Total Distance $S = 480 k m$
Formula For Speed
$\text{speed"="distance"/"time}$
Hence $\text{distance"="speed"xx"time}$

Case-I
let the uniform speed of Train $= v \frac{k m}{h}$
and the time taken to complete distance $= \left(t\right) \text{hour}$
Distance $S = \text{speed"xx"time} = v t$ . . . . . (equation 1)

Case-II
If speed has been 8km/h less then train would have taken 3 hours more to cover the same distance.
Now in this situation
speed of train $= \left(v - 8\right) \frac{k m}{h}$
and Time taken to complete distance $= \left(t + 3\right) h o u r$
Distance $S = \text{speed"xx"time} = \left(v - 8\right) \left(t + 3\right)$ . . . . . (equation 2)

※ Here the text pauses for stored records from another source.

text \<open>A sequence in l2 that is constant on both half-lines vanishes.\<close>

lemma jump_diff_eq_0_iff:
  assumes "w \<in> l2"
  shows "jump_diff w c = (\<lambda>k. 0) \<longleftrightarrow> w = (\<lambda>k. 0) \<and> c = 0"
proof
  assume zero: "jump_diff w c = (\<lambda>k. 0)"
  have step: "w (k - 1) = w k" if "k \<noteq> 1" for k
    using that fun_cong[OF zero, of k] by (simp add: jump_diff_def shift_jump_def)
  have left: "w (- int n) = w 0" for n
  proof (induction n)
    case (Suc n)
    have "w (- int (Suc n)) = w (- int n - 1)" by (rule arg_cong[where f=w]) simp
    also have "\<dots> = w (- int n)" by (rule step) simp
    finally show ?case using Suc by simp
  qed simp
  have right: "w (1 + int n) = w 1" for n
  proof (induction n)
    case (Suc n)
    then show ?case using step[of "2 + int n"] by (simp add: algebra_simps)
  qed simp
  have w0: "w 0 = 0"
  proof (rule l2_const_on_infinite[OF assms infinite_Iic[of 0]])
    fix k :: int assume "k \<in> {..0}"
    then show "w k = w 0" using left[of "nat (- k)"] by simp
  qed
  have w1: "w 1 = 0"
  proof (rule l2_const_on_infinite[OF assms infinite_Ici[of 1]])
    fix k :: int assume "k \<in> {1..}"
    then show "w k = w 1" using right[of "nat (k - 1)"] by simp
  qed
  have "w k = 0" for k
    using left[of "nat (- k)"] right[of "nat (k - 1)"] w0 w1 by (cases "k \<le> 0") simp_all
  moreover have "c = 0"
    using fun_cong[OF zero, of 1] w1 by (simp add: jump_diff_def shift_jump_def)
  ultimately show "w = (\<lambda>k. 0) \<and> c = 0" by auto
qed (simp add: jump_zero)

lemma infsum_ip_shift_jump:
  assumes y: "y \<in> l2" and y': "y' \<in> l2"
  shows "infsum (\<lambda>k. ip_N (shift_jump y' z' k) (shift_jump y z k)) UNIV
       = infsum (\<lambda>k. ip_N (y' k) (y k)) UNIV + (ip_N z' z - ip_N (y' 0) (y 0))"
proof -
  define c where "c = ip_N z' z - ip_N (y' 0) (y 0)"
  have shifted: "(\<lambda>k. ip_N (y' (k + -1)) (y (k + -1))) summable_on UNIV"
    using y y' by (intro ip_N_summable l2_shift)
  have single: "(\<lambda>k::int. if k = 1 then c else 0) summable_on UNIV"
    by (rule finite_nonzero_values_imp_summable_on) auto
  have "infsum (\<lambda>k. ip_N (shift_jump y' z' k) (shift_jump y z k)) UNIV
      = infsum (\<lambda>k. ip_N (y' (k - 1)) (y (k - 1)) + (if k = 1 then c else 0)) UNIV"
    by (rule infsum_cong) (auto simp: shift_jump_def c_def)
  also have "\<dots> = infsum (\<lambda>k. ip_N (y' (k - 1)) (y (k - 1))) UNIV + c"
    using shifted single infsum_cong_neutral[of UNIV "{1}" "\<lambda>k::int. if k = 1 then c else 0" "\<lambda>_. c"]
    by (subst infsum_add) simp_all
  also have "infsum (\<lambda>k. ip_N (y' (k - 1)) (y (k - 1))) UNIV = infsum (\<lambda>k. ip_N (y' k) (y k)) UNIV"
    by (rule infsum_shift_int[where a="\<lambda>k. ip_N (y' k) (y k)"])
  finally show ?thesis unfolding c_def .
qed

lemma green_identity:
  assumes y: "y \<in> l2" and y': "y' \<in> l2"
  shows "ip_l2 (jump_sum y' z') (jump_diff y z) - ip_l2 (jump_diff y' z') (jump_sum y z)
       = 2 * \<i> * (ip_N z' z - ip_N (y' 0) (y 0))"
proof -
  let ?s = "shift_jump y z" and ?s' = "shift_jump y' z'"
  have pointwise: "ip_N (jump_sum y' z' k) (jump_diff y z k) - ip_N (jump_diff y' z' k) (jump_sum y z k)
      = 2 * \<i> * (ip_N (?s' k) (?s k) - ip_N (y' k) (y k))" for k
    unfolding jump_diff_def jump_sum_def
    by (simp add: ip_N_add_left ip_N_add_right ip_N_diff_left ip_N_diff_right ip_N_scale_left
        ip_N_scale_right algebra_simps)
  have ss: "(\<lambda>k. ip_N (?s' k) (?s k)) summable_on UNIV"
    using y y' by (intro ip_N_summable l2_shift_jump)
  have sy: "(\<lambda>k. ip_N (y' k) (y k)) summable_on UNIV"
    by (rule ip_N_summable[OF y' y])
  have "ip_l2 (jump_sum y' z') (jump_diff y z) - ip_l2 (jump_diff y' z') (jump_sum y z)
      = infsum (\<lambda>k. 2 * \<i> * (ip_N (?s' k) (?s k) - ip_N (y' k) (y k))) UNIV"
    unfolding ip_l2_def pointwise[symmetric]
    using y y' by (intro infsum_diff[symmetric] ip_N_summable l2_jump_diff l2_jump_sum)
  also have "\<dots> = 2 * \<i> * (infsum (\<lambda>k. ip_N (?s' k) (?s k)) UNIV - infsum (\<lambda>k. ip_N (y' k) (y k)) UNIV)"
    by (simp add: infsum_cmult_right summable_on_diff[OF ss sy] infsum_diff[OF ss sy])
  finally show ?thesis by (simp add: infsum_ip_shift_jump[OF y y'] algebra_simps)
qed

section \<open>Extensions given by boundary relations\<close>

definition bc_op :: "((complex ^ 'n) \<times> (complex ^ 'n)) set \<Rightarrow> ('n::finite seq \<times> 'n seq) set" where
  "bc_op L = {(jump_diff y z, jump_sum y z) | y z. y \<in> l2 \<and> (y 0, z) \<in> L}"

definition delta :: "int \<Rightarrow> complex ^ 'n \<Rightarrow> 'n::finite seq" where
  "delta j u = (\<lambda>k. if k = j then u else 0)"

lemma l2_delta: "delta j u \<in> l2"
  by (rule l2_finite_support) (auto simp: delta_def intro: rev_finite_subset[of "{j}"])

lemma bc_opI: "y \<in> l2 \<Longrightarrow> (y 0, z) \<in> L \<Longrightarrow> (jump_diff y z, jump_sum y z) \<in> bc_op L"
  unfolding bc_op_def by blast

lemma jump_in_bc_op_iff:
  "y \<in> l2 \<Longrightarrow> (jump_diff y z, jump_sum y z) \<in> bc_op L \<longleftrightarrow> (y 0, z) \<in> L"
  unfolding bc_op_def using jump_inj by blast

lemma op_S_eq_bc_op: "op_S = bc_op {(0, 0)}"
proof -
  have "op_S = {(jump_diff x 0, jump_sum x 0) | x. x \<in> l2 \<and> x 0 = 0}"
    unfolding op_S_def jump_diff_def jump_sum_def
    by (rule set_eqI, rule iffI; clarsimp; rule_tac x=x in exI; simp add: shift_jump_no_jump)
  then show ?thesis unfolding bc_op_def by auto
qed

lemma jump_delta:
  assumes "j \<noteq> 0"
  shows "jump_diff (delta j u) 0 = (\<lambda>k. if k = j + 1 then u else if k = j then - u else 0)"
    and "jump_sum (delta j u) 0 = (\<lambda>k. if k = j + 1 \<or> k = j then \<i> *s u else 0)"
  using assms by (auto simp: jump_diff_def jump_sum_def shift_jump_def delta_def)

text \<open>Testing against the elements of S supported on {j, j + 1} shows that an element of the
  adjoint satisfies the recurrence of A away from the boundary.\<close>

lemma adjoint_bc_op_recurrence:
  assumes adj: "\<forall>(f, u)\<in>bc_op L. ip_l2 u g = ip_l2 f h" and L0: "(0, 0) \<in> L" and j: "j \<noteq> 0"
  shows "(-\<i>) *s (g (j + 1) + g j) = h (j + 1) - h j"
proof -
  define w where "w = (-\<i>) *s (g (j + 1) + g j) - (h (j + 1) - h j)"
  have "(jump_diff (delta j w) 0, jump_sum (delta j w) 0) \<in> bc_op L"
    by (rule bc_opI[OF l2_delta]) (use L0 j in \<open>simp add: delta_def\<close>)
  then have "ip_l2 (jump_sum (delta j w) 0) g = ip_l2 (jump_diff (delta j w) 0) h"
    using adj by blast
  moreover have "ip_l2 (jump_sum (delta j w) 0) g = ip_N (\<i> *s w) (g j) + ip_N (\<i> *s w) (g (j + 1))"
    by (subst ip_l2_finite_support[of "{j, j + 1}"]) (auto simp: jump_delta[OF j])
  moreover have "ip_l2 (jump_diff (delta j w) 0) h = ip_N (- w) (h j) + ip_N w (h (j + 1))"
    by (subst ip_l2_finite_support[of "{j, j + 1}"]) (auto simp: jump_delta[OF j])
  moreover have "ip_N w w = \<i> * ip_N w (g (j + 1)) + \<i> * ip_N w (g j) - ip_N w (h (j + 1)) + ip_N w (h j)"
    by (subst (2) w_def) (simp add: ip_N_add_right ip_N_diff_right ip_N_scale_right ip_N_neg_right)
  ultimately have "ip_N w w = 0" by (simp add: ip_N_scale_left ip_N_neg_left algebra_simps)
  then show ?thesis by (simp add: ip_N_self_eq_0_iff w_def)
qed

lemma adjoint_bc_op_jump_form:
  assumes L0: "(0, 0) \<in> L" and "(g, h) \<in> adjoint_op (bc_op L)"
  shows "\<exists>y z. y \<in> l2 \<and> g = jump_diff y z \<and> h = jump_sum y z"
proof -
  have g: "g \<in> l2" and h: "h \<in> l2" and adj: "\<forall>(f, u)\<in>bc_op L. ip_l2 u g = ip_l2 f h"
    using assms(2) unfolding adjoint_op_def by auto
  define y where "y = (\<lambda>k. (1 / (2 * \<i>)) *s (h k - \<i> *s g k))"
  define z where "z = (1 / (2 * \<i>)) *s (h 1 + \<i> *s g 1)"
  have shift: "shift_jump y z k = (1 / (2 * \<i>)) *s (h k + \<i> *s g k)" for k
  proof (cases "k = 1")
    case False
    then have "(-\<i>) *s (g k + g (k - 1)) = h k - h (k - 1)"
      using adjoint_bc_op_recurrence[OF adj L0, of "k - 1"] by simp
    then have "h (k - 1) - \<i> *s g (k - 1) = h k + \<i> *s g k"
      by (simp add: vec_eq_iff algebra_simps)
    then have "y (k - 1) = (1 / (2 * \<i>)) *s (h k + \<i> *s g k)"
      unfolding y_def by (simp only:)
    then show ?thesis using False by (simp add: shift_jump_def)
  qed (simp add: shift_jump_def z_def)
  have "g = jump_diff y z" "h = jump_sum y z"
    by (rule ext, simp only: jump_diff_def jump_sum_def shift, simp add: y_def vec_eq_iff field_simps)+
  moreover have "y \<in> l2" unfolding y_def by (intro l2_scale l2_diff g h)
  ultimately show ?thesis by blast
qed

Since Distance for both cases are same .
Comparing equation 1 and equation 2, we get
$\implies v t = \left(v - 8\right) \left(t + 3\right)$
$\implies v t = \left(v\right) \left(t + 3\right) - 8 \left(t + 3\right) = v t + 3 v - 8 t - 24$
cancel vt from both side
$\implies 0 = 3 v - 8 t - 24$
$\implies 3 v - 8 t = 24$
$\implies 3 v = 24 + 8 t$
$\implies v = \frac{24 + 8 t}{3}$

but from equation 1 the value of $t = \frac{S}{v} = \frac{480}{v} \left(h o u r\right)$

$\implies 3 v = 24 + 8 \left(\frac{480}{v}\right)$
$\implies 3 {v}^{2} = 24 v + 3840$
$\implies 3 {v}^{2} - 24 v - 3840 = 0$
$\implies {v}^{2} - 8 v - 1280 = 0$
$\implies \left(v - 40\right) \left(v + 32\right) = 0$

$v$ is either $40 \frac{k m}{h}$ or $- 32 \frac{k m}{h}$

Speed is Positive hence
$\text{Speed} = 40 \frac{k m}{h}$

Sep 27, 2017

$40$ km/h

#### Explanation:

Suppose the speed of the train is $x$ km/h.
It takes $\frac{480}{x}$ hours to travel, but if the speed were
8 km/h slower, it would take $\frac{480}{x - 8}$ hours.

Now we've got the equation:
$\frac{480}{x - 8}$ = $\frac{480}{x}$ +$3$
This can be solved as follows.

1. Multiple both sides of the equation by $x \left(x - 8\right)$.
$480 x = 480 \left(x - 8\right) + 3 x \left(x - 8\right)$
2. Deform and factorize the equation to solve it.
${x}^{2} - 8 x - 1280 = 0$
$\left(x - 40\right) \left(x + 32\right) = 0$
$x = 40 , - 32$

Don't forget that the answer must be positive, so the speed
is $x = 40$ km/h.

Let's check.
If we travel at 40 km/h, it takes 12 hours.
If we traveled at 32 km/h, it would take 15 hours, so the difference
is three hours and we've got the correct answer.